3:40 pm: Got the word that we are out at 4:00.

4:02 pm: Waiting for the stragglers.

4:10 pm: Done.

BALLS OF JOY THIS SEASON….

December 16, 2007

My friend Seth and I were headed north to Sugarloaf for an afternoon of snowboarding when we both saw something pass on the side of the road. Both of us witnessed it but surely it couldn’t be real. We exchanged a look that essentially said: “we need to turn the damn car around and check this out.”
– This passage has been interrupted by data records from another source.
(* Let $R$ be a commutative ring which is free as an abelian group with $\mathbb{Z}$-basis $V=\{v_k\}_{k\in I}$, let $n\ge2$, $p$ a prime and $r\ge1$. For $1\le i,j\le n$ with $i+j<2n$ and $k\in I$ define $$A_{ij,k,r}=\begin{cases}1+p^rv_ke_{ij}&i\ne j,\\ 1+p^rv_k(e_{ii}-e_{nn})&i=j.\end{cases}$$ Regard $\Gamma(SL_n(R),p^r)/\Gamma(SL_n(R),p^{r+1})$ as the subgroup of $SL_n(R/p^{r+1}R)$ given by the kernel of the reduction map $SL_n(R/p^{r+1}R)\to SL_n(R/p^rR)$ (to which it is isomorphic via reduction mod $p^{r+1}$). Then this group is generated by the reductions mod $p^{r+1}$ of the matrices $A_{ij,k,r}$.
   Context: $\Gamma(SL_n(R),p^m)=\ker\big(SL_n(R)\to SL_n(R/p^mR)\big)$; $1$ is the $n\times n$ identity matrix and $e_{ij}$ is the $n\times n$ matrix with $1$ in position $(i,j)$ and zeros elsewhere. (Note $\det A_{ii,k,r}=1-p^{2r}v_k^2\equiv1\pmod{p^{r+1}}$, so the reductions lie in $SL_n(R/p^{r+1}R)$.) *)

theory Defs
  imports "Jordan_Normal_Form.Determinant" "HOL-Algebra.Generated_Groups" "HOL-Algebra.Coset"
    "HOL-Computational_Algebra.Primes"
begin

definition Z_basis :: "'i set \<Rightarrow> ('i \<Rightarrow> 'a::comm_ring_1) \<Rightarrow> bool" where
  "Z_basis I v \<longleftrightarrow> (\<forall>x::'a. \<exists>!c::'i \<Rightarrow> int.
      finite {k. c k \<noteq> 0} \<and> {k. c k \<noteq> 0} \<subseteq> I \<and>
      x = (\<Sum>k\<in>{k. c k \<noteq> 0}. of_int (c k) * v k))"

definition cong_mat :: "'a::comm_ring_1 \<Rightarrow> 'a mat \<Rightarrow> 'a mat \<Rightarrow> bool" where
  "cong_mat q M N \<longleftrightarrow> dim_row M = dim_row N \<and> dim_col M = dim_col N \<and>
     (\<forall>i<dim_row M. \<forall>j<dim_col M. q dvd (M $$ (i,j) - N $$ (i,j)))"

text \<open>An n x n matrix over R/qR, represented as the class of its lifts to R.\<close>
definition mat_class :: "nat \<Rightarrow> 'a::comm_ring_1 \<Rightarrow> 'a mat \<Rightarrow> 'a mat set" where
  "mat_class n q M = {N \<in> carrier_mat n n. cong_mat q M N}"

text \<open>The group SL_n(R/qR): classes of n x n matrices over R with determinant
  congruent to 1 modulo q, with multiplication induced from R.\<close>
definition SL_mod :: "nat \<Rightarrow> 'a::comm_ring_1 \<Rightarrow> 'a mat set monoid" where
  "SL_mod n q = \<lparr> carrier = {mat_class n q M | M. M \<in> carrier_mat n n \<and> q dvd (det M - 1)},
      mult = (\<lambda>X Y. mat_class n q ((SOME M. M \<in> X) * (SOME N. N \<in> Y))),
      one = mat_class n q (1\<^sub>m n) \<rparr>"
I swung the car around in a frantic u-turn and headed back up the road, repeating the wild reverse of direction once we had returned to the roadside wonder and parked the car on the shoulder. Sure enough. There it was. It was real. A 6′x6′ plywood sign adorned with bold. black letters exclaiming:

KISSING BALLS!

It also had an arrow pointing in the direction a side street. It was not an oasis, some mid-winter ‘what the hell was in my hot cocoa” halluciantion. But real wood, real paint, and real letters forming the words KISSING and BALLS in succession, while also suggesting the direction in which anyone searching for kissing balls may find them.
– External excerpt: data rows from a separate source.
(* Let $X_t$, $t=0,1,\dots$, be a Markov chain on the finite state space $\Sigma=\{1,\dots,N\}$ with transition probability matrix $P=[p_{ij}]$ acting on row vectors by $x_{t+1}=x_tP$. Assume that $P$ is diagonalizable and has full rank. Consider a set of linearly independent right eigenvectors $u^{\alpha}$ of $P$, $Pu^{\alpha}=\lambda^{\alpha}u^{\alpha}$, indexed by $\alpha\in I$ where $I\subseteq\Sigma$. Define an equivalence relation on $\Sigma$ by $i\sim j$ if and only if $u^{\alpha}_i=u^{\alpha}_j$ for all $\alpha\in I$, and let $\widetilde{\Sigma}$ be the resulting partition of $\Sigma$ into equivalence classes. Then: (1) If $|\widetilde{\Sigma}|=|I|$, then $\widetilde{\Sigma}$ is a (strong) lumping of the Markov chain. (2) Conversely, if $\widetilde{\Sigma}$ is a partition of $\Sigma$ that is a (strong) lumping of the Markov chain, then there exist $|\widetilde{\Sigma}|$ linearly independent right eigenvectors of $P$ that are invariant under permutations of states within the lumps (i.e., each such eigenvector $y$ satisfies $y_i=y_j$ whenever $i,j$ lie in the same block of $\widetilde{\Sigma}$).
   Context: A lumping (partition) of $\Sigma$ is $\widetilde{\Sigma}=\{L_1,\dots,L_M\}$ with nonempty, pairwise disjoint blocks $L_k$ whose union is $\Sigma$; it is encoded by the $N\times M$ matrix $\Pi=[\pi_{ik}]$ with $\pi_{ik}=1$ if $i\in L_k$ and $0$ otherwise. The chain is called strongly lumpable with respect to $\widetilde{\Sigma}$ (and $\widetilde{\Sigma}$ is then called a lumping of the chain) if the quotient process $\tilde{x}_t=x_t\Pi$ is a Markov process; equivalently, for all blocks $L_k,L_l$ the quantity $\sum_{j\in L_l}p_{ij}$ is the same for every $i\in L_k$. Right eigenvectors are $N\times 1$ column vectors $u$ with $Pu=\lambda u$. *)

theory Defs
  imports "HOL-Analysis.Analysis"
begin

text \<open>States are the elements of a finite type 'n (Sigma = UNIV, N = CARD('n)).
  Transition matrices act on row vectors; right eigenvectors are column vectors.\<close>

definition stochastic_matrix :: "real^'n^'n \<Rightarrow> bool" where
  "stochastic_matrix P \<longleftrightarrow> (\<forall>i j. P $ i $ j \<ge> 0) \<and> (\<forall>i. (\<Sum>j\<in>UNIV. P $ i $ j) = 1)"

definition cmat :: "real^'n^'m \<Rightarrow> complex^'n^'m" where
  "cmat P = (\<chi> i j. complex_of_real (P $ i $ j))"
Naturally, Seth and I took the obligatory photos posing with the sign to the amusement of passing cars. As we sped off towards Sugarloaf again we couldn’t wonder what would provoke someone to place a huge kissing ball sign by the highway.



First: Kissing balls? Assuming this isn’t a random lewd sign posted by bored teenagers testing how long it could stay up along the busy route 2, what the hell is a kissing ball? My assumption is some kind of mistle-toe object you hang to induce someone into kissing during the holidays. So, if that is the case why not write: Mistle-toe balls, or holiday balls? The least they could have done is make a small picture of a kissing ball on the sign to clarify.

My advanced and mature outlook on this notwithstanding, it is interesting the psychology surrounding advertising. It is interesting that annually billions of dollars are dumped into advertising worldwide in all forms of media. Plywood with paint is one of those mediums, and I think it’s quite an appropriate medium for such a product as a kissing ball. I wonder how a ‘kissing balls’ commercial would look on television. Certainly you’d have to include a picture of a kissing ball and an thorough description, otherwise you’d end up with a target audience of two dramatically contrasting demographics.

Regardless, I hope the local kissing ball vendor can claim robust sales on his/her product for the holidays. A spin-off marketing idea would be charging for photos with the sign, maybe with even a little booth nearby selling cocoa and disposable cameras. Of course, this is all hinging on the hopes that I wasn’t the only person with the mindset to take a picture of a wooden sign on the side of the highway that says KISSING BALLS.